- [Task details]
Please return only the lines from the one holding "A ?mk = Dom" through the one holding "(H ?mk) (Comp", exactly as they appear in the records below, both ends included.

- [Exercise inputs]
lemma G_Idm: "x \<in> Obj A \<Longrightarrow> G (Idm A x) = Idm C (Fo x)"
  and H_Idm: "x \<in> Obj A \<Longrightarrow> H (Idm A x) = Idm C (Fo x)"
  and G_in_Mor: "f \<in> E \<Longrightarrow> G f \<in> Mor C"
  and dom_G: "f \<in> E \<Longrightarrow> Dom C (G f) = Fo (Dom A f)"
  and cod_G: "f \<in> E \<Longrightarrow> Cod C (G f) = Fo (Cod A f)"
  and H_in_Mor: "f \<in> M \<Longrightarrow> H f \<in> Mor C"
  and dom_H: "f \<in> M \<Longrightarrow> Dom C (H f) = Fo (Cod A f)"
  and cod_H: "f \<in> M \<Longrightarrow> Cod C (H f) = Fo (Dom A f)"
  and G_comp: "f \<in> E \<Longrightarrow> g \<in> E \<Longrightarrow> Cod A f = Dom A g \<Longrightarrow> G (Comp A g f) = Comp C (G g) (G f)"
  and H_comp: "f \<in> M \<Longrightarrow> g \<in> M \<Longrightarrow> Cod A f = Dom A g \<Longrightarrow> H (Comp A g f) = Comp C (H f) (H g)"
  and G_H_compatible: "f \<in> Mor A \<Longrightarrow>
        Comp C (G (up_e A E M f)) (H (lo_m A E M f)) = Comp C (H (up_m A E M f)) (G (lo_e A E M f))"
  using P unfolding compatible_pair_def cov_functor_on_def contra_functor_on_def by blast+

lemma glued_functor_alt: "f \<in> Mor A \<Longrightarrow>
    glued_functor A E M C G H f = Comp C (H (up_m A E M f)) (G (lo_e A E M f))"
  by (simp add: glued_functor_apply G_H_compatible)

lemma glued_functor_E: "f \<in> E \<Longrightarrow> glued_functor A E M C G H f = G f"
  by (simp add: glued_functor_def EM.X_Mor up_fac_E lo_fac_E dom_in_Obj H_Idm
      C.comp_Idm_right G_in_Mor dom_G)

lemma glued_functor_M: "f \<in> M \<Longrightarrow> glued_functor A E M C G H f = H f"
  by (simp add: glued_functor_def EM.Y_Mor up_fac_M lo_fac_M dom_in_Obj G_Idm
      C.comp_Idm_left H_in_Mor cod_H)

lemma glued_functor_in_Mor: "f \<in> Mor A \<Longrightarrow> glued_functor A E M C G H f \<in> Mor C"
  and dom_glued_functor: "f \<in> Mor A \<Longrightarrow> Dom C (glued_functor A E M C G H f) = Fo (f_s A E M f)"
  and cod_glued_functor: "f \<in> Mor A \<Longrightarrow> Cod C (glued_functor A E M C G H f) = Fo (f_t A E M f)"
  by (simp_all add: glued_functor_def f_s_def f_t_def C.comp_in_Mor G_in_Mor H_in_Mor
      up_e_in_E lo_m_in_M dom_G cod_G dom_H cod_H dom_up_e dom_lo_m)

lemma glued_functor_Idm: "x \<in> Obj A \<Longrightarrow> glued_functor A E M C G H (Idm A x) = Idm C (Fo x)"
  by (simp add: glued_functor_E EM.Idm_in_X G_Idm)

lemma glued_functor_comp_f:
  assumes f: "f \<in> Mor A" and g: "g \<in> Mor A" and fg: "Cod A f = Dom A g"
  defines "k \<equiv> Comp A (up_e A E M g) (up_m A E M f)"
    and "l \<equiv> Comp A (lo_m A E M g) (lo_e A E M f)"
  shows "glued_functor A E M C G H (Comp A g f) =
      Comp C (glued_functor A E M C G H (up_e A E M k))
        (Comp C (glued_functor A E M C G H f) (glued_functor A E M C G H (lo_m A E M l)))"
proof -
  let ?F = "glued_functor A E M C G H"
  note U = up_comp[OF f g fg, folded k_def] and L = lo_comp[OF f g fg, folded l_def]
  let ?ek = "up_e A E M k" and ?ef = "up_e A E M f" and ?ml = "lo_m A E M l" and ?mf = "lo_m A E M f"
  have parts: "?ek \<in> E" "?ef \<in> E" "?ml \<in> M" "?mf \<in> M"
    using U(1) L(1) f up_e_in_E lo_m_in_M by blast+
  have composable: "Cod A ?ef = Dom A ?ek" "Cod A ?mf = Dom A ?ml"
    using U(1,2) L(1,2) by (simp_all add: dom_up_e dom_lo_m)
  have "?F (Comp A g f) = Comp C (G (Comp A ?ek ?ef)) (H (Comp A ?ml ?mf))"
    using comp_in_Mor[OF f g fg] U(4) L(4) by (simp add: glued_functor_apply)
  also have "\<dots> = Comp C (Comp C (G ?ek) (G ?ef)) (Comp C (H ?mf) (H ?ml))"
    using parts composable by (simp add: G_comp H_comp)
  also have "\<dots> = Comp C (G ?ek) (Comp C (Comp C (G ?ef) (H ?mf)) (H ?ml))"
    by (rule C.comp_assoc4)
      (simp_all add: parts composable f G_in_Mor H_in_Mor dom_G cod_G dom_H cod_H dom_up_e dom_lo_m)
  also have "\<dots> = Comp C (?F ?ek) (Comp C (?F f) (?F ?ml))"
    using parts by (simp add: glued_functor_E glued_functor_M glued_functor_apply[OF f])
  finally show ?thesis .
qed

lemma glued_functor_comp_g:
  assumes f: "f \<in> Mor A" and g: "g \<in> Mor A" and fg: "Cod A f = Dom A g"
  defines "k \<equiv> Comp A (up_e A E M g) (up_m A E M f)"
    and "l \<equiv> Comp A (lo_m A E M g) (lo_e A E M f)"
  shows "glued_functor A E M C G H (Comp A g f) =
      Comp C (glued_functor A E M C G H (up_m A E M k))
        (Comp C (glued_functor A E M C G H g) (glued_functor A E M C G H (lo_e A E M l)))"
proof -
  let ?F = "glued_functor A E M C G H"
  note U = up_comp[OF f g fg, folded k_def] and L = lo_comp[OF f g fg, folded l_def]
  let ?mk = "up_m A E M k" and ?mg = "up_m A E M g" and ?el = "lo_e A E M l" and ?eg = "lo_e A E M g"
  have parts: "?mk \<in> M" "?mg \<in> M" "?el \<in> E" "?eg \<in> E"
    using U(1) L(1) g up_m_in_M lo_e_in_E by blast+
  have composable: "Cod A ?mk = Dom A ?mg" "Cod A ?el = Dom A ?eg"
    using U(1,3) L(1,3) by (simp_all add: cod_up_m cod_lo_e)
  have "?F (Comp A g f) = Comp C (H (Comp A ?mg ?mk)) (G (Comp A ?eg ?el))"
    using comp_in_Mor[OF f g fg] U(5) L(5) by (simp add: glued_functor_alt)
  also have "\<dots> = Comp C (Comp C (H ?mk) (H ?mg)) (Comp C (G ?eg) (G ?el))"
    using parts composable by (simp add: G_comp H_comp)
  also have "\<dots> = Comp C (H ?mk) (Comp C (Comp C (H ?mg) (G ?eg)) (G ?el))"
    by (rule C.comp_assoc4)
      (simp_all add: parts composable g G_in_Mor H_in_Mor dom_G cod_G dom_H cod_H cod_up_m cod_lo_e)
  also have "\<dots> = Comp C (?F ?mk) (Comp C (?F g) (?F ?el))"
    using parts glued_functor_alt[OF g] by (simp add: glued_functor_E glued_functor_M)
  finally show ?thesis .
qed

lemma var_functor_glued_functor: "var_functor A E M C Fo (glued_functor A E M C G H)"
  unfolding var_functor_def
  using P[unfolded compatible_pair_def cov_functor_on_def] glued_functor_Idm glued_functor_in_Mor
    dom_glued_functor cod_glued_functor glued_functor_comp_f glued_functor_comp_g
  by blast

end

lemma inj_on_restrict_pair: "inj_on (restrict_pair E M) (var_functors A E M C)"
proof (rule inj_onI, clarsimp simp: var_functors_def restrict_pair_def)
  fix Fo Fm Fm'
  assume F: "var_functor A E M C Fo Fm" and F': "var_functor A E M C Fo Fm'"
    and ext: "Fm \<in> extensional (Mor A)" "Fm' \<in> extensional (Mor A)"
    and on_E: "restrict Fm E = restrict Fm' E" and on_M: "restrict Fm M = restrict Fm' M"
  have "Fm f = Fm' f" if "f \<in> Mor A" for f
    using var_functor_eqI[OF F F' _ _ that] on_E on_M by (metis restrict_apply')
  with ext show "Fm = Fm'"
    by (rule extensionalityI)
qed

lemma restrict_pair_image: "restrict_pair E M ` var_functors A E M C = compatible_pairs A E M C"
proof
  show "restrict_pair E M ` var_functors A E M C \<subseteq> compatible_pairs A E M C"
    by (auto simp: var_functors_def compatible_pairs_def restrict_pair_def compatible_pair_restrict)
  show "compatible_pairs A E M C \<subseteq> restrict_pair E M ` var_functors A E M C"
  proof (clarsimp simp: compatible_pairs_def)
    fix Fo G H
    assume P: "compatible_pair A E M C Fo G H" and "Fo \<in> extensional (Obj A)"
      and "G \<in> extensional E" "H \<in> extensional M"
    have "(Fo, glued_functor A E M C G H) \<in> var_functors A E M C"
      using var_functor_glued_functor[OF P] \<open>Fo \<in> extensional (Obj A)\<close>
      by (simp add: var_functors_def glued_functor_def)
    moreover have "restrict (glued_functor A E M C G H) E = G"
      using \<open>G \<in> extensional E\<close> glued_functor_E[OF P]
      by (metis restrict_ext extensional_restrict)
    moreover have "restrict (glued_functor A E M C G H) M = H"
      using \<open>H \<in> extensional M\<close> glued_functor_M[OF P]
      by (metis restrict_ext extensional_restrict)
    ultimately show "(Fo, G, H) \<in> restrict_pair E M ` var_functors A E M C"
      by (intro image_eqI[where x = "(Fo, glued_functor A E M C G H)"]) (simp_all add: restrict_pair_def)
  qed
qed

end

theorem mainTheorem2:
  fixes A :: "('o, 'm) cat" and C :: "('p, 'n) cat" and E M :: "'m set"
  assumes "is_category A" and "is_category C" and "variance A E M"
  shows "(\<forall>Fo Fm. var_functor A E M C Fo Fm \<longrightarrow>
            cov_functor_on A E C Fo (restrict Fm E) \<and>
            contra_functor_on A M C Fo (restrict Fm M) \<and>
            compatible_pair A E M C Fo (restrict Fm E) (restrict Fm M)) \<and>
         bij_betw (restrict_pair E M) (var_functors A E M C) (compatible_pairs A E M C)"
proof -
  interpret variance_to_category A E M C
    using assms by unfold_locales
  show ?thesis
    using cov_functor_on_restrict contra_functor_on_restrict compatible_pair_restrict
      bij_betw_imageI[OF inj_on_restrict_pair restrict_pair_image]
    by blast
qed

end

- [Task answer]
  have composable: "Cod A ?mk = Dom A ?mg" "Cod A ?el = Dom A ?eg"
    using U(1,3) L(1,3) by (simp_all add: cod_up_m cod_lo_e)
  have "?F (Comp A g f) = Comp C (H (Comp A ?mg ?mk)) (G (Comp A ?eg ?el))"
    using comp_in_Mor[OF f g fg] U(5) L(5) by (simp add: glued_functor_alt)
  also have "\<dots> = Comp C (Comp C (H ?mk) (H ?mg)) (Comp C (G ?eg) (G ?el))"
    using parts composable by (simp add: G_comp H_comp)
  also have "\<dots> = Comp C (H ?mk) (Comp C (Comp C (H ?mg) (G ?eg)) (G ?el))"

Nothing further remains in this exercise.